● **Work to be completed**
A set of records appears below. Print them all, word for word.

═══ Data shown

lemma nn_L2_norm_indicator:
  assumes "E \<in> sets M"
  shows "nn_L2_norm M (indicator E) = ennsqrt (emeasure M E)"
proof -
  have "(\<lambda>x. indicator E x ^ 2) = (indicator E :: 'a \<Rightarrow> ennreal)"
    by (auto split: split_indicator)
  then show ?thesis
    using assms by (simp only: nn_L2_norm_def nn_integral_indicator)
qed

lemma nn_L2_norm_eq_L2norm:
  fixes g :: "real \<Rightarrow> real"
  assumes "g \<in> borel_measurable lborel" "\<And>t. 0 \<le> g t" "integrable lborel (\<lambda>t. g t ^ 2)"
  shows "nn_L2_norm lborel (\<lambda>t. ennreal (g t)) = ennreal (L2norm g)"
proof -
  have "(\<integral>\<^sup>+t. ennreal (g t) ^ 2 \<partial>lborel) = ennreal (LINT t|lborel. g t ^ 2)"
    using assms by (simp add: ennreal_power nn_integral_eq_integral)
  moreover have "0 \<le> (LINT t|lborel. g t ^ 2)"
    by (simp add: integral_nonneg_AE)
  ultimately show ?thesis
    by (simp add: nn_L2_norm_def L2norm_def ennsqrt_ennreal)
qed

lemma borel_measurable_matrix_vector_mult [measurable]:
  "(\<lambda>x. A *v x) \<in> borel_measurable (borel :: (real^'n) measure)"
  by (intro borel_measurable_continuous_onI linear_continuous_on
      matrix_vector_mul_bounded_linear)

lemma lborel_eq_density_distr_matrix:
  fixes A :: "real^'n::{finite,wellorder}^'n::_"
  assumes "det A \<noteq> 0"
  shows "lborel = density (distr lborel borel (\<lambda>x. A *v x)) (\<lambda>_. ennreal \<bar>det A\<bar>)"
proof (rule lborel_eqI)
  obtain B where AB: "A ** B = mat 1" and BA: "B ** A = mat 1"
    using assms invertible_det_nz invertible_def by blast
  have "det A * det B = 1"
    by (metis AB det_I det_mul)
  then have det_AB: "\<bar>det A\<bar> * \<bar>det B\<bar> = 1"
    by (metis abs_mult abs_one)
  fix l u :: "real^'n::_" assume le: "\<And>b. b \<in> Basis \<Longrightarrow> l \<bullet> b \<le> u \<bullet> b"
  have preimage: "(\<lambda>x. A *v x) -` box l u = (\<lambda>x. B *v x) ` box l u"
    using AB BA by (force simp: matrix_vector_mul_assoc)
  have "(\<lambda>x. A *v x) -` box l u \<in> sets borel"
    by (rule measurable_sets_borel[OF borel_measurable_matrix_vector_mult]) simp
  then have "emeasure lborel ((\<lambda>x. A *v x) -` box l u) = emeasure lebesgue ((\<lambda>x. B *v x) ` box l u)"
    by (simp add: emeasure_completion flip: preimage)
  also have "\<dots> = ennreal (\<bar>det B\<bar> * measure lebesgue (box l u))"
    using measurable_linear_image[of "\<lambda>x. B *v x"] measure_linear_image[of "\<lambda>x. B *v x"]
    by (simp add: emeasure_eq_measure2 matrix_vector_mul_linear)
  finally have "emeasure (density (distr lborel borel (\<lambda>x. A *v x)) (\<lambda>_. ennreal \<bar>det A\<bar>)) (box l u)
      = ennreal (measure lebesgue (box l u))"
    by (simp add: emeasure_density_const emeasure_distr ennreal_mult'[symmetric]
        mult.assoc[symmetric] det_AB)
  then show "emeasure (density (distr lborel borel (\<lambda>x. A *v x)) (\<lambda>_. ennreal \<bar>det A\<bar>)) (box l u)
      = (\<Prod>b\<in>Basis. (u - l) \<bullet> b)"
    using le by (simp add: measure_completion inner_diff_left)
qed simp

lemma prod_Basis_vec: "(\<Prod>b\<in>(Basis :: (real^'n) set). F (axis_index b)) = (\<Prod>i\<in>UNIV. F i)"
  by (simp add: Basis_vec_def UNION_singleton_eq_range prod.reindex axis_eq_axis inj_on_def)

lemma nn_integral_lborel_prod_vec:
  fixes G :: "'n::finite \<Rightarrow> real \<Rightarrow> ennreal"
  assumes "\<And>i. G i \<in> borel_measurable borel"
  shows "(\<integral>\<^sup>+x. (\<Prod>i\<in>UNIV. G i (x $ i)) \<partial>(lborel :: (real^'n) measure))
       = (\<Prod>i\<in>UNIV. \<integral>\<^sup>+t. G i t \<partial>lborel)"
proof -
  have "(\<Prod>b\<in>Basis. G (axis_index b) (x \<bullet> b)) = (\<Prod>i\<in>UNIV. G i (x $ i))" for x :: "real^'n"
  proof -
    have "(\<Prod>b\<in>Basis. G (axis_index b) (x \<bullet> b))
        = (\<Prod>b\<in>Basis. G (axis_index b) (x $ axis_index (b :: real^'n)))"
      by (intro prod.cong refl) (metis axis_index cart_eq_inner_axis)
    then show ?thesis
      by (simp only: prod_Basis_vec[of "\<lambda>i. G i (x $ i)"])
  qed
  then have "(\<integral>\<^sup>+x. (\<Prod>i\<in>UNIV. G i (x $ i)) \<partial>(lborel :: (real^'n) measure))
      = (\<integral>\<^sup>+x. (\<Prod>b\<in>Basis. G (axis_index b) (x \<bullet> b)) \<partial>(lborel :: (real^'n) measure))"
    by simp
  also have "\<dots> = (\<Prod>b\<in>Basis. \<integral>\<^sup>+t. G (axis_index (b :: real^'n)) t \<partial>lborel)"
    using assms by (intro nn_integral_lborel_prod) auto
  finally show ?thesis
    by (simp only: prod_Basis_vec[of "\<lambda>i. \<integral>\<^sup>+t. G i t \<partial>lborel"])
qed

lemma nn_integral_prod_matrix_rows:
  fixes A :: "real^'n::{finite,wellorder}^'n::_" and G :: "'n \<Rightarrow> real \<Rightarrow> ennreal"
  assumes "det A \<noteq> 0" and [measurable]: "\<And>i. G i \<in> borel_measurable borel"
  shows "(\<integral>\<^sup>+x. (\<Prod>i\<in>UNIV. G i ((A *v x) $ i)) \<partial>lborel)
       = ennreal (1 / \<bar>det A\<bar>) * (\<Prod>i\<in>UNIV. \<integral>\<^sup>+t. G i t \<partial>lborel)"
proof -
  have "(\<Prod>i\<in>UNIV. \<integral>\<^sup>+t. G i t \<partial>lborel) = (\<integral>\<^sup>+y. (\<Prod>i\<in>UNIV. G i (y $ i)) \<partial>lborel)"
    by (simp add: nn_integral_lborel_prod_vec)
  also have "\<dots> = ennreal \<bar>det A\<bar> * (\<integral>\<^sup>+x. (\<Prod>i\<in>UNIV. G i ((A *v x) $ i)) \<partial>lborel)"
    by (subst lborel_eq_density_distr_matrix[OF assms(1)])
      (simp add: nn_integral_density nn_integral_distr nn_integral_cmult)
  finally show ?thesis
    using assms(1) by (simp add: ennreal_mult'[symmetric] mult.assoc[symmetric] flip: ennreal_mult)
qed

══════

● **Reply to the task**
lemma nn_L2_norm_indicator:
  assumes "E \<in> sets M"
  shows "nn_L2_norm M (indicator E) = ennsqrt (emeasure M E)"
proof -
  have "(\<lambda>x. indicator E x ^ 2) = (indicator E :: 'a \<Rightarrow> ennreal)"
    by (auto split: split_indicator)
  then show ?thesis
    using assms by (simp only: nn_L2_norm_def nn_integral_indicator)
qed

lemma nn_L2_norm_eq_L2norm:
  fixes g :: "real \<Rightarrow> real"
  assumes "g \<in> borel_measurable lborel" "\<And>t. 0 \<le> g t" "integrable lborel (\<lambda>t. g t ^ 2)"
  shows "nn_L2_norm lborel (\<lambda>t. ennreal (g t)) = ennreal (L2norm g)"
proof -
  have "(\<integral>\<^sup>+t. ennreal (g t) ^ 2 \<partial>lborel) = ennreal (LINT t|lborel. g t ^ 2)"
    using assms by (simp add: ennreal_power nn_integral_eq_integral)
  moreover have "0 \<le> (LINT t|lborel. g t ^ 2)"
    by (simp add: integral_nonneg_AE)
  ultimately show ?thesis
    by (simp add: nn_L2_norm_def L2norm_def ennsqrt_ennreal)
qed

lemma borel_measurable_matrix_vector_mult [measurable]:
  "(\<lambda>x. A *v x) \<in> borel_measurable (borel :: (real^'n) measure)"
  by (intro borel_measurable_continuous_onI linear_continuous_on
      matrix_vector_mul_bounded_linear)

lemma lborel_eq_density_distr_matrix:
  fixes A :: "real^'n::{finite,wellorder}^'n::_"
  assumes "det A \<noteq> 0"
  shows "lborel = density (distr lborel borel (\<lambda>x. A *v x)) (\<lambda>_. ennreal \<bar>det A\<bar>)"
proof (rule lborel_eqI)
  obtain B where AB: "A ** B = mat 1" and BA: "B ** A = mat 1"
    using assms invertible_det_nz invertible_def by blast
  have "det A * det B = 1"
    by (metis AB det_I det_mul)
  then have det_AB: "\<bar>det A\<bar> * \<bar>det B\<bar> = 1"
    by (metis abs_mult abs_one)
  fix l u :: "real^'n::_" assume le: "\<And>b. b \<in> Basis \<Longrightarrow> l \<bullet> b \<le> u \<bullet> b"
  have preimage: "(\<lambda>x. A *v x) -` box l u = (\<lambda>x. B *v x) ` box l u"
    using AB BA by (force simp: matrix_vector_mul_assoc)
  have "(\<lambda>x. A *v x) -` box l u \<in> sets borel"
    by (rule measurable_sets_borel[OF borel_measurable_matrix_vector_mult]) simp
  then have "emeasure lborel ((\<lambda>x. A *v x) -` box l u) = emeasure lebesgue ((\<lambda>x. B *v x) ` box l u)"
    by (simp add: emeasure_completion flip: preimage)
  also have "\<dots> = ennreal (\<bar>det B\<bar> * measure lebesgue (box l u))"
    using measurable_linear_image[of "\<lambda>x. B *v x"] measure_linear_image[of "\<lambda>x. B *v x"]
    by (simp add: emeasure_eq_measure2 matrix_vector_mul_linear)
  finally have "emeasure (density (distr lborel borel (\<lambda>x. A *v x)) (\<lambda>_. ennreal \<bar>det A\<bar>)) (box l u)
      = ennreal (measure lebesgue (box l u))"
    by (simp add: emeasure_density_const emeasure_distr ennreal_mult'[symmetric]
        mult.assoc[symmetric] det_AB)
  then show "emeasure (density (distr lborel borel (\<lambda>x. A *v x)) (\<lambda>_. ennreal \<bar>det A\<bar>)) (box l u)
      = (\<Prod>b\<in>Basis. (u - l) \<bullet> b)"
    using le by (simp add: measure_completion inner_diff_left)
qed simp

lemma prod_Basis_vec: "(\<Prod>b\<in>(Basis :: (real^'n) set). F (axis_index b)) = (\<Prod>i\<in>UNIV. F i)"
  by (simp add: Basis_vec_def UNION_singleton_eq_range prod.reindex axis_eq_axis inj_on_def)

lemma nn_integral_lborel_prod_vec:
  fixes G :: "'n::finite \<Rightarrow> real \<Rightarrow> ennreal"
  assumes "\<And>i. G i \<in> borel_measurable borel"
  shows "(\<integral>\<^sup>+x. (\<Prod>i\<in>UNIV. G i (x $ i)) \<partial>(lborel :: (real^'n) measure))
       = (\<Prod>i\<in>UNIV. \<integral>\<^sup>+t. G i t \<partial>lborel)"
proof -
  have "(\<Prod>b\<in>Basis. G (axis_index b) (x \<bullet> b)) = (\<Prod>i\<in>UNIV. G i (x $ i))" for x :: "real^'n"
  proof -
    have "(\<Prod>b\<in>Basis. G (axis_index b) (x \<bullet> b))
        = (\<Prod>b\<in>Basis. G (axis_index b) (x $ axis_index (b :: real^'n)))"
      by (intro prod.cong refl) (metis axis_index cart_eq_inner_axis)
    then show ?thesis
      by (simp only: prod_Basis_vec[of "\<lambda>i. G i (x $ i)"])
  qed
  then have "(\<integral>\<^sup>+x. (\<Prod>i\<in>UNIV. G i (x $ i)) \<partial>(lborel :: (real^'n) measure))
      = (\<integral>\<^sup>+x. (\<Prod>b\<in>Basis. G (axis_index b) (x \<bullet> b)) \<partial>(lborel :: (real^'n) measure))"
    by simp
  also have "\<dots> = (\<Prod>b\<in>Basis. \<integral>\<^sup>+t. G (axis_index (b :: real^'n)) t \<partial>lborel)"
    using assms by (intro nn_integral_lborel_prod) auto
  finally show ?thesis
    by (simp only: prod_Basis_vec[of "\<lambda>i. \<integral>\<^sup>+t. G i t \<partial>lborel"])
qed

lemma nn_integral_prod_matrix_rows:
  fixes A :: "real^'n::{finite,wellorder}^'n::_" and G :: "'n \<Rightarrow> real \<Rightarrow> ennreal"
  assumes "det A \<noteq> 0" and [measurable]: "\<And>i. G i \<in> borel_measurable borel"
  shows "(\<integral>\<^sup>+x. (\<Prod>i\<in>UNIV. G i ((A *v x) $ i)) \<partial>lborel)
       = ennreal (1 / \<bar>det A\<bar>) * (\<Prod>i\<in>UNIV. \<integral>\<^sup>+t. G i t \<partial>lborel)"
proof -
  have "(\<Prod>i\<in>UNIV. \<integral>\<^sup>+t. G i t \<partial>lborel) = (\<integral>\<^sup>+y. (\<Prod>i\<in>UNIV. G i (y $ i)) \<partial>lborel)"
    by (simp add: nn_integral_lborel_prod_vec)
  also have "\<dots> = ennreal \<bar>det A\<bar> * (\<integral>\<^sup>+x. (\<Prod>i\<in>UNIV. G i ((A *v x) $ i)) \<partial>lborel)"
    by (subst lborel_eq_density_distr_matrix[OF assms(1)])
      (simp add: nn_integral_density nn_integral_distr nn_integral_cmult)
  finally show ?thesis
    using assms(1) by (simp add: ennreal_mult'[symmetric] mult.assoc[symmetric] flip: ennreal_mult)
qed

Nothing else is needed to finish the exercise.